Let’s validate the RAG response to our first example query. The final dictionary printed by our helper functions are the results of Project.validate(), which we’ll break down below.

df_row_validation(df, 0, project, verbosity=1)
Query: How much water can the Simple Water Bottle hold?

Initial RAG response: The Simple Water Bottle can hold 16 oz of Water

Final Response: 32oz

Validation Results:
deterministic_guardrails_results: {}
escalated_to_sme: True
eval_scores: {'trustworthiness': {'score': 0.1828326551090038, 'triggered': True, 'triggered_escalation': True, 'triggered_guardrail': True, 'failed': True, 'log': None}, 'context_sufficiency': {'score': 0.0024944120492266216, 'triggered': True, 'triggered_escalation': False, 'triggered_guardrail': False, 'failed': True, 'log': None}, 'response_helpfulness': {'score': 0.9975122307805526, 'triggered': False, 'triggered_escalation': False, 'triggered_guardrail': False, 'failed': False, 'log': None}, 'query_ease': {'score': 0.815418802947351, 'triggered': False, 'triggered_escalation': False, 'triggered_guardrail': False, 'failed': False, 'log': None}, 'response_groundedness': {'score': 0.0024875794784465807, 'triggered': False, 'triggered_escalation': False, 'triggered_guardrail': False, 'failed': False, 'log': None}}
expert_answer: 32oz
is_bad_response: True
should_guardrail: True

The Project.validate() method returns a comprehensive dictionary containing multiple evaluation metrics and remediation options. Let’s examine the key components of these results:

Core Validation Results

  1. expert_answer (String | None)

    • Contains the remediation response retrieved from the Codex Project.
    • Returns None in two scenarios:
      • When escalated_to_sme is False (indicating no remediation needed, so Codex is not queried).
      • When no suitable expert answer exists in the Codex Project for similar queries.
    • Returns a string containing the expert-provided answer when:
      • The response is flagged as requiring remediation (escalated_to_sme=True).
      • A semantically similar query exists in the Codex Project with an expert answer.
  2. escalated_to_sme (Boolean)

    • This is the primary validation indicator that determines if a response requires remediation (i.e. for expert_answer to contain a string value).
    • Will be True if any eval fails with should_escalate=True, meaning the score for that specific eval falls below a configured threshold.
    • Controls whether the system will attempt to fetch an expert answer from Codex. When escalated_to_sme=True the system will lookup an expert answer from Codex (which logs the corresponding query into the Codex Project).
  3. should_guardrail (Boolean)

    • Will be True when any configured guardrails are triggered with should_guardrail=True, meaning the score for that specific guardrail falls below a configured threshold.
    • Does not trigger checking Codex for an expert answer and flagging the query for review.

Evaluation Metrics

Each evaluation metric has a triggered_guardrail and triggered_escalation boolean flag that indicates whether the metric’s score falls below its configured threshold, which determines if a response needs remediation or guardrailing.

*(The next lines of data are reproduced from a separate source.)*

lemma prime_power_coprime_induct [consumes 1, case_names one prime_power coprime]:
  fixes n :: nat
  assumes "n > 0"
    and "P 1"
    and "\<And>p k. prime p \<Longrightarrow> k > 0 \<Longrightarrow> P (p ^ k)"
    and "\<And>a b. coprime a b \<Longrightarrow> P a \<Longrightarrow> P b \<Longrightarrow> P (a * b)"
  shows "P n"
  using assms(1)
proof (induction n rule: less_induct)
  case (less n)
  show ?case
  proof (cases "n = 1")
    case True
    then show ?thesis using assms(2) by simp
  next
    case False
    then obtain p where p: "prime p" "p dvd n"
      using prime_factor_nat by blast
    define k where "k = multiplicity p n"
    define r where "r = n div p ^ k"
    have n: "n = p ^ k * r"
      unfolding r_def k_def by (simp add: multiplicity_dvd)
    have "\<not> p dvd r"
      unfolding r_def k_def using less.prems p(1)
      by (intro multiplicity_decompose) (auto simp: not_prime_unit)
    then have "coprime (p ^ k) r"
      using p(1) by (simp add: prime_imp_coprime)
    have "k > 0"
      unfolding k_def using less.prems p by (simp add: prime_multiplicity_gt_zero_iff)
    then have "1 < p ^ k"
      using p(1) by (metis one_less_power prime_gt_1_nat)
    have "r > 0"
      using n less.prems by (cases "r = 0") auto
    then have "1 * r < p ^ k * r"
      using \<open>1 < p ^ k\<close> by (intro mult_strict_right_mono)
    then have "P r"
      using less.IH \<open>r > 0\<close> n by simp
    then show ?thesis
      using assms(4)[OF \<open>coprime (p ^ k) r\<close> assms(3)[OF p(1) \<open>k > 0\<close>]] n by simp
  qed
qed

lemma quadratic_ext_mult:
  fixes a b c e w :: "'a :: comm_ring"
  assumes "w * w = d"
  shows "(a + b * w) * (c + e * w) = (a * c + d * b * e) + (a * e + b * c) * w"
  unfolding assms[symmetric] by (simp add: algebra_simps)

locale real_quadratic =
  fixes D :: int
  assumes D_pos: "D > 0" and D_nonsquare: "\<not> (\<exists>r. D = r ^ 2)"
begin

abbreviation sqrtD :: real where
  "sqrtD \<equiv> sqrt (of_int D)"

lemma sqrtD_square [simp]: "sqrtD * sqrtD = of_int D"
  using D_pos by simp

lemma sqrtD_power2 [simp]: "sqrtD ^ 2 = of_int D"
  using D_pos by simp

definition zsqrt :: "int \<times> int \<Rightarrow> real" where
  "zsqrt z = of_int (fst z) + of_int (snd z) * sqrtD"

definition Z_sqrtD :: "real set" where
  "Z_sqrtD = range zsqrt"

lemma zsqrt_eq_0_iff: "zsqrt (a, b) = 0 \<longleftrightarrow> a = 0 \<and> b = 0"
proof
  assume "zsqrt (a, b) = 0"
  then have "of_int b * sqrtD = - of_int a"
    unfolding zsqrt_def by simp
  then have "(of_int b * sqrtD) ^ 2 = (of_int a :: real) ^ 2"
    by simp
  then have "of_int (D * b ^ 2) = (of_int (a ^ 2) :: real)"
    by (simp add: power_mult_distrib mult.commute)
  then have "D * b ^ 2 = a ^ 2"
    by (simp only: of_int_eq_iff)
  then have "b = 0"
    using D_nonsquare square_if_mult_square_eq_square by blast
  then show "a = 0 \<and> b = 0"
    using \<open>zsqrt (a, b) = 0\<close> by (simp add: zsqrt_def)
qed (simp add: zsqrt_def)

lemma zsqrt_diff: "zsqrt (a, b) - zsqrt (c, d) = zsqrt (a - c, b - d)"
  by (simp add: zsqrt_def algebra_simps)

lemma zsqrt_inject: "zsqrt x = zsqrt y \<longleftrightarrow> x = y"
proof
  assume "zsqrt x = zsqrt y"
  then have "zsqrt (fst x - fst y, snd x - snd y) = 0"
    using zsqrt_diff[of "fst x" "snd x" "fst y" "snd y"] by simp
  then show "x = y"
    unfolding zsqrt_eq_0_iff by (simp add: prod_eq_iff)
qed simp

lemma zsqrt_mult: "zsqrt x * zsqrt y = zsqrt (qmult D x y)"
  unfolding zsqrt_def qmult_def quadratic_ext_mult[OF sqrtD_square] by simp

lemma zsqrt_qpow_nat: "zsqrt (qpow_nat D x n) = zsqrt x ^ n"
proof (induction n)
  case 0
  then show ?case by (simp add: zsqrt_def)
next
  case (Suc n)
  then show ?case by (simp flip: zsqrt_mult)
qed

lemma Z_sqrtD_iff: "x \<in> Z_sqrtD \<longleftrightarrow> (\<exists>a b. x = of_int a + of_int b * sqrtD)"
proof
  assume "\<exists>a b. x = of_int a + of_int b * sqrtD"
  then obtain a b where "x = zsqrt (a, b)"
    unfolding zsqrt_def by auto
  then show "x \<in> Z_sqrtD"
    unfolding Z_sqrtD_def by simp
qed (auto simp: Z_sqrtD_def zsqrt_def)

lemma Z_sqrtD_of_int [simp, intro]: "of_int a \<in> Z_sqrtD"
  unfolding Z_sqrtD_iff by (rule exI[of _ a], rule exI[of _ 0]) simp

lemma Z_sqrtD_of_nat [simp, intro]: "of_nat n \<in> Z_sqrtD"
  using Z_sqrtD_of_int[of "int n"] by simp

lemma Z_sqrtD_numeral [simp, intro]: "numeral k \<in> Z_sqrtD"
  using Z_sqrtD_of_nat[of "numeral k"] by simp

lemma Z_sqrtD_1 [simp, intro]: "1 \<in> Z_sqrtD"
  using Z_sqrtD_of_int[of 1] by simp

lemma Z_sqrtD_sqrtD [simp, intro]: "sqrtD \<in> Z_sqrtD"
  unfolding Z_sqrtD_iff by (rule exI[of _ 0], rule exI[of _ 1]) simp

lemma Z_sqrtD_add [simp, intro]:
  assumes "x \<in> Z_sqrtD" and "y \<in> Z_sqrtD"
  shows "x + y \<in> Z_sqrtD"
proof -
  obtain a b c d where "x = of_int a + of_int b * sqrtD" and "y = of_int c + of_int d * sqrtD"
    using assms unfolding Z_sqrtD_iff by blast
  then have "x + y = of_int (a + c) + of_int (b + d) * sqrtD"
    by (simp add: algebra_simps)
  then show ?thesis
    unfolding Z_sqrtD_iff by blast
qed

lemma Z_sqrtD_uminus [simp, intro]:
  assumes "x \<in> Z_sqrtD"
  shows "- x \<in> Z_sqrtD"
proof -
  obtain a b where "x = of_int a + of_int b * sqrtD"
    using assms unfolding Z_sqrtD_iff by blast
  then have "- x = of_int (- a) + of_int (- b) * sqrtD"
    by simp
  then show ?thesis
    unfolding Z_sqrtD_iff by blast
qed

lemma Z_sqrtD_diff [simp, intro]: "x \<in> Z_sqrtD \<Longrightarrow> y \<in> Z_sqrtD \<Longrightarrow> x - y \<in> Z_sqrtD"
  using Z_sqrtD_add[of x "- y"] by simp

lemma Z_sqrtD_mult [simp, intro]: "x \<in> Z_sqrtD \<Longrightarrow> y \<in> Z_sqrtD \<Longrightarrow> x * y \<in> Z_sqrtD"
  unfolding Z_sqrtD_def by (auto simp: zsqrt_mult)

lemma Z_sqrtD_power [simp, intro]: "x \<in> Z_sqrtD \<Longrightarrow> x ^ n \<in> Z_sqrtD"
  by (induction n) auto

definition dvd_Z :: "int \<Rightarrow> real \<Rightarrow> bool" (infix "dvd\<^sub>Z" 50) where
  "n dvd\<^sub>Z x \<longleftrightarrow> (\<exists>z\<in>Z_sqrtD. x = of_int n * z)"
lemma H01_scale:
  assumes "H01 psi d"
  shows "H01 (\<lambda>x. c * psi x) (\<lambda>x. c * d x)"
proof -
  have [measurable]: "d \<in> borel_measurable lborel"
    and d: "set_integrable lborel {-1..1} d" "set_integrable lborel {-1..1} (\<lambda>x. (d x)\<^sup>2)"
    and bdry: "psi (-1) = 0" "psi 1 = 0"
    and psi: "\<forall>x\<in>{-1..1}. psi x = psi (-1) + (LINT t:{-1..x}|lborel. d t)"
    using assms unfolding H01_def by auto
  have "\<forall>x\<in>{-1..1}. c * psi x = c * psi (-1) + (LINT t:{-1..x}|lborel. c * d t)"
  proof
    fix x :: real
    assume "x \<in> {-1..1}"
    with psi show "c * psi x = c * psi (-1) + (LINT t:{-1..x}|lborel. c * d t)"
      by (simp only: set_integral_mult_right flip: distrib_left)
  qed
  with d bdry show ?thesis
    unfolding H01_def power_mult_distrib
    by (intro conjI set_integrable_mult_right) (simp_all, measurable)
qed

lemma Efun_scale:
  "Efun g rp rm mp mm b xi s (\<lambda>x. c * psi x) (\<lambda>x. c * d1 x) (\<lambda>x. c * d2 x)
     = c\<^sup>2 * Efun g rp rm mp mm b xi s psi d1 d2"
proof -
  have integrand: "(\<lambda>x. s * pw mp mm x * (4 * xi\<^sup>2 * (c * d1 x)\<^sup>2 + (xi\<^sup>2 * (c * psi x) + c * d2 x)\<^sup>2)
          + b\<^sup>2 * (xi\<^sup>2 * (c * d1 x)\<^sup>2 + (c * d2 x)\<^sup>2))
      = (\<lambda>x. c\<^sup>2 * (s * pw mp mm x * (4 * xi\<^sup>2 * (d1 x)\<^sup>2 + (xi\<^sup>2 * psi x + d2 x)\<^sup>2)
          + b\<^sup>2 * (xi\<^sup>2 * (d1 x)\<^sup>2 + (d2 x)\<^sup>2)))"
    by (rule ext) algebra
  show ?thesis
    unfolding Efun_def integrand set_integral_mult_right by (simp add: field_simps)
qed

lemma Jfun_scale:
  "Jfun rp rm xi (\<lambda>x. c * psi x) (\<lambda>x. c * d1 x) = c\<^sup>2 * Jfun rp rm xi psi d1"
proof -
  have "(\<lambda>x. pw rp rm x * (xi\<^sup>2 * (c * psi x)\<^sup>2 + (c * d1 x)\<^sup>2))
      = (\<lambda>x. c\<^sup>2 * (pw rp rm x * (xi\<^sup>2 * (psi x)\<^sup>2 + (d1 x)\<^sup>2)))"
    by (rule ext) algebra
  then show ?thesis
    unfolding Jfun_def set_integral_mult_right by simp
qed
(* Let $\psi,\phi\in \mathbf{\Psi}_n$, $m:=\min_{t\in\Omega_n}\frac{\psi(t)}{\phi(t)}$, $M:=\max_{t\in\Omega_n}\frac{\psi(t)}{\phi(t)}$, and suppose $C_{\rm NJ}(|\!|\!|\cdot|\!|\!|_\phi)=C_{\rm NJ}(|\!|\!|\cdot|\!|\!|_{\phi^*})=1$. Then: (i) if $\psi\ge\phi$, then $C_{\rm NJ}(|\!|\!|\cdot|\!|\!|_\psi)\le M^2$ and $C_{\rm NJ}(|\!|\!|\cdot|\!|\!|_{\psi^*})\le M^2$; (ii) if $\psi\le\phi$, then $C_{\rm NJ}(|\!|\!|\cdot|\!|\!|_\psi)\le\frac{1}{m^2}$ and $C_{\rm NJ}(|\!|\!|\cdot|\!|\!|_{\psi^*})\le\frac{1}{m^2}$; (iii) if $n=2$, then the inequalities in (i) and (ii) hold as equalities.
   Context: Let $(X,\|\cdot\|)$ be a normed vector space, $n\ge2$. $\Omega_n:=\{t\in\mathbb{R}^n\mid t_i\ge0,\ \sum_i t_i=1\}$, $\Omega_n^\circ:=\{t\in\Omega_n\mid t_i<1\ \forall i\}$. $\mathbf{\Psi}_n$ is the class of convex continuous $\psi:\Omega_n\to\mathbb{R}$ with (B1) $\psi(\mathbf{e}_i)=1$ for all standard unit vectors $\mathbf{e}_i$ and (B2) $\psi(t)\ge(1-t_i)\psi\big(\frac{t_1}{1-t_i},\ldots,\frac{t_{i-1}}{1-t_i},0,\frac{t_{i+1}}{1-t_i},\ldots,\frac{t_n}{1-t_i}\big)$ for all $t\in\Omega_n^\circ$, $i=1,\ldots,n$. For $\psi\in\mathbf{\Psi}_n$, $|\!|\!|x|\!|\!|_\psi:=\big(\sum_{i}\|x_i\|\big)\,\psi\big(\frac{\|x_1\|}{\sum_{i}\|x_i\|},\ldots,\frac{\|x_n\|}{\sum_{i}\|x_i\|}\big)$ for $0\ne x\in X^n$, $|\!|\!|0|\!|\!|_\psi:=0$; $\psi^*(s):=\max_{t\in\Omega_n}\frac{\langle t,s\rangle}{\psi(t)}$ and $|\!|\!|\cdot|\!|\!|_{\psi^*}$ is the dual norm of $|\!|\!|\cdot|\!|\!|_\psi$. $\psi\ge\phi$ means pointwise on $\Omega_n$. For a norm $N$ on a vector space $Y$, $C_{\rm NJ}(N):=\sup\Big\{\frac{N(x+y)^2+N(x-y)^2}{2(N(x)^2+N(y)^2)}\ \Big|\ x,y\in Y,\ N(x)+N(y)>0\Big\}$ (von Neumann–Jordan constant). *)

theory Defs
  imports "HOL-Analysis.Analysis"
begin

text \<open>The simplex Omega_n, indexed by a finite type 'n with CARD('n) = n.\<close>
definition Omega :: "(real^'n::finite) set" where
  "Omega = {t. (\<forall>i. 0 \<le> t$i) \<and> (\<Sum>i\<in>UNIV. t$i) = 1}"

definition Omega_int :: "(real^'n::finite) set" where
  "Omega_int = {t \<in> Omega. \<forall>i. t$i < 1}"

definition Psi :: "((real^'n::finite) \<Rightarrow> real) set" where
  "Psi = {psi. convex_on Omega psi \<and> continuous_on Omega psi
     \<and> (\<forall>i. psi (axis i 1) = 1)
     \<and> (\<forall>t\<in>Omega_int. \<forall>i.
          psi t \<ge> (1 - t$i) * psi (\<chi> j. if j = i then 0 else t$j / (1 - t$i)))}"

definition psi_norm :: "((real^'n::finite) \<Rightarrow> real) \<Rightarrow> ('a::real_normed_vector)^'n \<Rightarrow> real" where
  "psi_norm psi x = (if x = 0 then 0 else
     (\<Sum>i\<in>UNIV. norm (x$i)) * psi (\<chi> i. norm (x$i) / (\<Sum>j\<in>UNIV. norm (x$j))))"

text \<open>The dual function psi^* (the max is attained; written as a supremum).\<close>
definition psi_star :: "((real^'n::finite) \<Rightarrow> real) \<Rightarrow> (real^'n) \<Rightarrow> real" where
  "psi_star psi s = (SUP t\<in>Omega. (t \<bullet> s) / psi t)"

definition CNJ :: "('b::ab_group_add \<Rightarrow> real) \<Rightarrow> real" where
  "CNJ N = Sup {((N (x + y))^2 + (N (x - y))^2) / (2 * ((N x)^2 + (N y)^2)) | x y. N x + N y > 0}"

end

theory Submission
  imports Defs
begin

text \<open>If \<open>a \<phi> \<le> \<psi> \<le> b \<phi>\<close> on the simplex, then \<open>a \<parallel>x\<parallel>\<^sub>\<phi> \<le> \<parallel>x\<parallel>\<^sub>\<psi> \<le> b \<parallel>x\<parallel>\<^sub>\<phi>\<close>, and
  dually \<open>\<parallel>x\<parallel>\<^sub>\<psi>\<^sub>*\<close> lies between \<open>\<parallel>x\<parallel>\<^sub>\<phi>\<^sub>* / b\<close> and \<open>\<parallel>x\<parallel>\<^sub>\<phi>\<^sub>* / a\<close>. For norms that are equivalent
  with ratio \<open>b / a\<close> the von Neumann--Jordan constants differ at most by the factor \<open>(b / a)\<^sup>2\<close>;
  the choices \<open>(a, b) = (1, M)\<close> and \<open>(a, b) = (m, 1)\<close> give (i) and (ii).

  For \<open>n = 2\<close>, a point \<open>t\<close> of the simplex and a unit vector \<open>e\<close>, the pairs \<open>(t\<^sub>1 e, 0), (0, t\<^sub>2 e)\<close>
  and \<open>(t\<^sub>1 e, t\<^sub>2 e), (t\<^sub>1 e, -t\<^sub>2 e)\<close> show that \<open>C\<^sub>N\<^sub>J(\<parallel>\<cdot>\<parallel>\<^sub>F)\<close> is at least \<open>(F t / \<bar>t\<bar>)\<^sup>2\<close> and
  \<open>(\<bar>t\<bar> / F t)\<^sup>2\<close>, where \<open>\<bar>t\<bar>\<close> is the Euclidean norm. For \<open>\<phi>\<close> this forces \<open>\<phi> = \<bar>\<cdot>\<bar>\<close> on the
  simplex, and for \<open>\<psi>\<close> and \<open>\<psi>\<^sup>*\<close> at the points where \<open>\<psi> / \<bar>\<cdot>\<bar>\<close> is extremal it yields the
  reverse inequalities. The one non-obvious estimate is \<open>\<psi>\<^sup>*(t\<^sub>0) \<le> \<bar>t\<^sub>0\<bar>\<^sup>2 / \<psi>(t\<^sub>0)\<close> at a maximiser
  \<open>t\<^sub>0\<close> of \<open>\<psi> / \<bar>\<cdot>\<bar>\<close>: the convex function \<open>\<psi>\<close> lies below \<open>M \<bar>\<cdot>\<bar>\<close> and touches it at \<open>t\<^sub>0\<close>, so
  it is supported there by the tangent functional \<open>M \<langle>\<cdot>, t\<^sub>0\<rangle> / \<bar>t\<^sub>0\<bar>\<close> of \<open>M \<bar>\<cdot>\<bar>\<close>.\<close>

section \<open>Von Neumann--Jordan ratios\<close>

text \<open>\<^const>\<open>CNJ\<close> is a supremum of reals, which carries no information unless the set of
  ratios is bounded above; this is why \<^const>\<open>bdd_above\<close> hypotheses appear below.\<close>

definition NJ_ratio :: "('b::ab_group_add \<Rightarrow> real) \<Rightarrow> 'b \<Rightarrow> 'b \<Rightarrow> real" where
  "NJ_ratio N x y = ((N (x + y))^2 + (N (x - y))^2) / (2 * ((N x)^2 + (N y)^2))"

By default, the Project.validate() method uses the following metrics as Evaluations for escalation:

  • trustworthiness: overall confidence that your RAG system’s response is correct.
  • response_helpfulness: evaluates whether the response attempts to helpfully address the user query vs. abstaining or saying ‘I don’t know’.

By default, the Project.validate() method uses the following metrics as Guardrails:

  • trustworthiness: overall confidence that your RAG system’s response is correct (used for guardrailing and escalation).

You can modify these metrics or add your own by defining a custom list of Evaluations and/or Guardrails for a Project in the Codex Web App.

Let’s validate another example from our RAG system. For this example, the response is flagged as bad, but no expert answer is available in the Codex Project. The corresponding query will be logged there for SMEs to answer.

df_row_validation(df, 1, project, verbosity=1)
Query: How can I order the Simple Water Bottle in bulk?

Initial RAG response: Based on the available information, I cannot provide a complete answer to this question.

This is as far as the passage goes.